INVESTMENT TERMINOLOGY

By: Richard M. Hetzer, Regional Vice President
        Financial Investors Trust


CALL is the right, but not the obligation, to buy an asset.

PUT is the right, but not the obligation, to sell an asset.

An example: You want to buy a share of IBM stock trading at $100 a share. You can pay a premium, something like $1, to buy a "call at 105", instead of the stock. What you want to do is if the price of one share of IBM stock rises above $105, execute your call. Simply, you're then buying a share for only $105 that is costing everyone else more. A put is the same thing, only in the reverse. You buy a put on stock you own so that if the price of that stock decreases to below your call level, you can sell at that higher level than the stock is actually worth at that moment in time.

 

FDIC provides insurance to cover deposits at participating banks and savings and loans. This insurance is provided through the Banking Insurance Fund. It insures savings type accounts up to a maximum of $100,000 per depositor (not to be confused with per deposit) and demand deposit accounts up to $100,000 on non-interest bearing accounts. Special trust fund accounts may be eligible for additional insurance.

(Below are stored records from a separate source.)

lemma small_op_thetabar_k_increment:
  assumes paths: "weak_conv_cont_paths P Q Fn Psi M (B \<times> {0..1})"
    and Fn: "\<And>n \<omega> m b l. m \<in> {1..M} \<Longrightarrow> Fn n \<omega> m (b, l) = sqrt (real n) *\<^sub>R (thetahat m n b l \<omega> - theta b l)"
    and M: "M \<ge> 1" and dl: "0 \<le> dl" "dl \<le> 1"
    and lam: "\<forall>n. \<forall>\<omega>\<in>space P. lam n \<omega> \<in> {0..1}" "small_op P lam (\<lambda>_ _. 1)"
      "small_op P (\<lambda>n \<omega>. sqrt (real n) * lam n \<omega> ^ (k + 1)) (\<lambda>_ _. 1)"
    and bias: "\<epsilon>0 > 0" "\<forall>b\<in>B. \<forall>l\<in>{0..\<epsilon>0}. norm (theta_k theta k gam dl b l - theta b 0) \<le> C * l ^ (k + 1)"
    and beta0: "beta0 \<in> interior B" and deriv: "((\<lambda>b. theta b 0) has_derivative f') (at beta0)"
    and delta: "small_op P deltan (\<lambda>n _. sqrt (real n))"
  shows "small_op P (\<lambda>n \<omega>.
      sqrt (real n) *\<^sub>R (thetabar_k M thetahat k gam dl n (beta0 + (1 / sqrt (real n)) *\<^sub>R deltan n \<omega>) (lam n \<omega>) \<omega>
                        - thetabar_k M thetahat k gam dl n beta0 (lam n \<omega>) \<omega>)
      - f' (deltan n \<omega>)) (\<lambda>n \<omega>. 1 + norm (deltan n \<omega>))"
proof -
  define b1 where "b1 n \<omega> = beta0 + (1 / sqrt (real n)) *\<^sub>R deltan n \<omega>" for n \<omega>
  have b1: "small_op P (\<lambda>n \<omega>. b1 n \<omega> - beta0) (\<lambda>_ _. 1)"
    unfolding b1_def using small_op_root_n_scaled[OF delta] by simp
  have beta0_B: "beta0 \<in> B"
    using beta0 interior_subset by blast
  obtain r0 where "r0 > 0" and r0: "ball beta0 r0 \<subseteq> B"
    using beta0 mem_interior by blast
  define G where "G n = {\<omega> \<in> space P. norm (b1 n \<omega> - beta0) > r0/2 * 1}
    \<union> {\<omega> \<in> space P. norm (lam n \<omega>) > \<epsilon>0 * 1}" for n
  have G: "(\<lambda>n. outer_prob P (G n)) \<longlonglongrightarrow> 0"
    unfolding G_def using b1 lam(2) half_gt_zero[OF \<open>r0 > 0\<close>] bias(1) unfolding small_op_def
    by (intro outer_prob_tendsto_zero_Un) blast+
  have good: "b1 n \<omega> \<in> B \<and> lam n \<omega> \<in> {0..\<epsilon>0}" if "\<omega> \<in> space P - G n" for n \<omega>
  proof
    have "norm (b1 n \<omega> - beta0) \<le> r0/2"
      using that by (auto simp: G_def)
    then have "dist beta0 (b1 n \<omega>) < r0"
      using \<open>r0 > 0\<close> by (simp add: dist_norm norm_minus_commute)
    then show "b1 n \<omega> \<in> B"
      using r0 by auto
    show "lam n \<omega> \<in> {0..\<epsilon>0}"
      using that lam(1) by (auto simp: G_def)
  qed
  have bias_small: "small_op P (\<lambda>n \<omega>. sqrt (real n) *\<^sub>R (theta_k theta k gam dl (b n \<omega>) (lam n \<omega>) - theta (b n \<omega>) 0))
      (\<lambda>_ _. 1)" if "\<And>n \<omega>. \<omega> \<in> space P - G n \<Longrightarrow> b n \<omega> \<in> B" for b
    by (rule small_op_root_n_bias[where f="\<lambda>b l. theta_k theta k gam dl b l - theta b 0", OF bias(2) lam(3) G])
      (use good that in blast)
  note errors = small_op_thetabar_k_error_increment[OF paths Fn M dl lam(1) b1 beta0_B G]
  note linearization = small_op_root_n_linearization[OF deriv delta, folded b1_def]
  have rates: "\<forall>n \<omega>. (1::real) \<le> 1 + norm (deltan n \<omega>)" "\<forall>n \<omega>. norm (deltan n \<omega>) \<le> 1 + norm (deltan n \<omega>)"
    by simp_all
  have "small_op P (\<lambda>n \<omega>.
      (sqrt (real n) *\<^sub>R (thetabar_k M thetahat k gam dl n (b1 n \<omega>) (lam n \<omega>) \<omega> - theta_k theta k gam dl (b1 n \<omega>) (lam n \<omega>))
        - sqrt (real n) *\<^sub>R (thetabar_k M thetahat k gam dl n beta0 (lam n \<omega>) \<omega> - theta_k theta k gam dl beta0 (lam n \<omega>)))
      + sqrt (real n) *\<^sub>R (theta_k theta k gam dl (b1 n \<omega>) (lam n \<omega>) - theta (b1 n \<omega>) 0)
      - sqrt (real n) *\<^sub>R (theta_k theta k gam dl beta0 (lam n \<omega>) - theta beta0 0)
      + (sqrt (real n) *\<^sub>R (theta (b1 n \<omega>) 0 - theta beta0 0) - f' (deltan n \<omega>)))
      (\<lambda>n \<omega>. 1 + norm (deltan n \<omega>))"
    using small_op_add[OF small_op_diff[OF small_op_add[OF small_op_rate_mono[OF rates(1) errors]
        small_op_rate_mono[OF rates(1) bias_small[of b1]]] small_op_rate_mono[OF rates(1) bias_small[of "\<lambda>_ _. beta0"]]]
        small_op_rate_mono[OF rates(2) linearization]] good beta0_B by blast
  then show ?thesis
    by (rule small_op_cong_eventually) (simp add: b1_def algebra_simps)
qed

Diversification is an investment strategy using a variety of investments to help reduce risk of capital.

Liquidity is the ease of converting a particular financial holding into cash.

Maturity is when an investment is due for payment.

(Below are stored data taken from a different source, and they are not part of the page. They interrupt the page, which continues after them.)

text \<open>Extremal coefficient: eps_B = V_B(1,...,1), i.e. P(X_k <= 1 for all k in B) = exp(-eps_B).\<close>
definition extremal_coeff :: "'a measure \<Rightarrow> (site \<Rightarrow> 'a \<Rightarrow> real) \<Rightarrow> site set \<Rightarrow> real" where
  "extremal_coeff M X B = - ln (measure M {\<omega> \<in> space M. \<forall>k\<in>B. X k \<omega> \<le> 1})"

definition expected_N :: "'a measure \<Rightarrow> (site \<Rightarrow> 'a \<Rightarrow> real) \<Rightarrow> site set \<Rightarrow> site \<Rightarrow> real \<Rightarrow> real" where
  "expected_N M X A i u =
     integral\<^sup>L M (\<lambda>\<omega>. \<Sum>j\<in>A. indicator
        {\<omega> \<in> space M. frechet_cdf (X i \<omega>) \<le> u \<and> u < frechet_cdf (X j \<omega>)} \<omega>)"

definition stability_index :: "'a measure \<Rightarrow> (site \<Rightarrow> 'a \<Rightarrow> real) \<Rightarrow> site set \<Rightarrow> site \<Rightarrow> real" where
  "stability_index M X A i =
     Lim (at_left 1) (\<lambda>u. expected_N M X A i u /
        (1 - measure M {\<omega> \<in> space M. frechet_cdf (X i \<omega>) \<le> u \<and>
                                      (\<forall>j\<in>A. frechet_cdf (X j \<omega>) \<le> u)}))"

end

theory Submission
  imports Defs
begin

(* Passing to the uniform scale U_k = F(X_k), max-stability and homogeneity of the
   exponent function give, for every finite nonempty set B of sites and 0 < u < 1,
       P(U_k <= u for all k in B) = u powr eps_B.
   Hence P(U_i <= u < U_j) = u - u powr eps_{i,j}, and the quotient defining SI(A,i) equals
       (SUM j:A. (u - u powr eps_{i,j})) / (1 - u powr eps_{A+i}).
   Dividing numerator and denominator by 1 - u and using (1 - u powr a)/(1 - u) --> a as u --> 1-
   yields the exact value SI(A,i) = (SUM j:A. eps_{i,j} - |A|) / eps_{A+i}.
   The theorem then follows from the bounds  max_j eps_{i,j} <= eps_{A+i} <= |A| + 1, namely
   monotonicity of extremal coefficients under inclusion and eps_B <= |B| (a union bound). *)

lemma max_stable_prob_space:
  "max_stable_frechet M X \<Longrightarrow> prob_space M"
  unfolding max_stable_frechet_def by blast

lemma max_stable_measurable:
  "max_stable_frechet M X \<Longrightarrow> X k \<in> borel_measurable M"
  unfolding max_stable_frechet_def by blast

lemma frechet_cdf_measurable[measurable]: "frechet_cdf \<in> borel_measurable borel"
  unfolding frechet_cdf_def by measurable

lemma frechet_le_iff:
  assumes "0 < u" "u < 1"
  shows "frechet_cdf y \<le> u \<longleftrightarrow> y \<le> -1 / ln u"
proof -
  have ln_neg: "ln u < 0" using assms by simp
  show ?thesis
  proof (cases "y > 0")
    case True
    have "frechet_cdf y \<le> u \<longleftrightarrow> exp (-1/y) \<le> exp (ln u)"
      using True assms by (simp add: frechet_cdf_def)
    also have "\<dots> \<longleftrightarrow> y \<le> -1/ln u" using True ln_neg by (simp add: field_simps)
    finally show ?thesis .
  next
    case False
    have "-1/ln u > 0" using ln_neg by (simp add: divide_neg_neg)
    then have "y \<le> -1/ln u" using False by linarith
    then show ?thesis using False assms by (simp add: frechet_cdf_def)
  qed
qed

text \<open>Homogeneity of the exponent function on the diagonal:
  P(X_k <= x for all k in B) = exp(-eps_B / x).\<close>
lemma joint_cdf_diagonal:
  assumes ms: "max_stable_frechet M X" and B: "finite B" "B \<noteq> {}" and x: "x > 0"
  shows "measure M {\<omega>\<in>space M. \<forall>k\<in>B. X k \<omega> \<le> x} = exp (- extremal_coeff M X B / x)"
proof -
  obtain V where
    V_law: "\<And>x. (\<forall>k\<in>B. x k > 0) \<Longrightarrow>
              measure M {\<omega> \<in> space M. \<forall>k\<in>B. X k \<omega> \<le> x k} = exp (- V x)" and
    V_hom: "\<And>x c. (\<forall>k\<in>B. x k > 0) \<Longrightarrow> c > 0 \<Longrightarrow> V (\<lambda>k. c * x k) = V x / c"
    using ms B unfolding max_stable_frechet_def by blast
  have eps: "extremal_coeff M X B = V (\<lambda>k. 1)"
    using V_law[of "\<lambda>k. 1"] unfolding extremal_coeff_def by simp
  have "measure M {\<omega>\<in>space M. \<forall>k\<in>B. X k \<omega> \<le> x} = exp (- V (\<lambda>k. x))"
    using V_law[of "\<lambda>k. x"] x by simp
  also have "V (\<lambda>k. x) = V (\<lambda>k. 1) / x" using V_hom[of "\<lambda>k. 1" x] x by simp
  finally show ?thesis using eps by simp
qed

lemma joint_cdf_uniform_scale:
  assumes ms: "max_stable_frechet M X" and B: "finite B" "B \<noteq> {}" and u: "0 < u" "u < 1"
  shows "measure M {\<omega>\<in>space M. \<forall>k\<in>B. frechet_cdf (X k \<omega>) \<le> u} = u powr extremal_coeff M X B"
proof -
  have "{\<omega>\<in>space M. \<forall>k\<in>B. frechet_cdf (X k \<omega>) \<le> u} = {\<omega>\<in>space M. \<forall>k\<in>B. X k \<omega> \<le> -1/ln u}"
    using frechet_le_iff[OF u] by simp
  moreover have "-1/ln u > 0" using u by (simp add: divide_neg_neg)
  ultimately have "measure M {\<omega>\<in>space M. \<forall>k\<in>B. frechet_cdf (X k \<omega>) \<le> u}
                     = exp (- extremal_coeff M X B / (-1/ln u))"
    using joint_cdf_diagonal[OF ms B] by simp
  also have "\<dots> = u powr extremal_coeff M X B" using u by (simp add: powr_def)
  finally show ?thesis .
qed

An obligation is money committed to a particular purpose, a formal and binding agreement or acknowledgement of a liability.

Your portfolio is all the securities held by you or the commercial paper held by a bank or other financial house.

A security is evidence of debt or property such as stock certificates or bonds.

Banker's acceptance refers to a bill of exchange drawn on or accepted by a bank to pay specific bills for one of its customers when the bills become due.

Bank Notes are promissory notes released by an authorized bank that is payable on demand to the bearer and can be used as cash. These notes are redeemable as money and are considered to by full legal tender.

CUSIP, basically a security identification number, stands for the American Bankers Association's Committee on Uniform Securities Identification Procedures that established alphabetical and numerical descriptions for securities traded on the exchanges and in over-the-counter markets.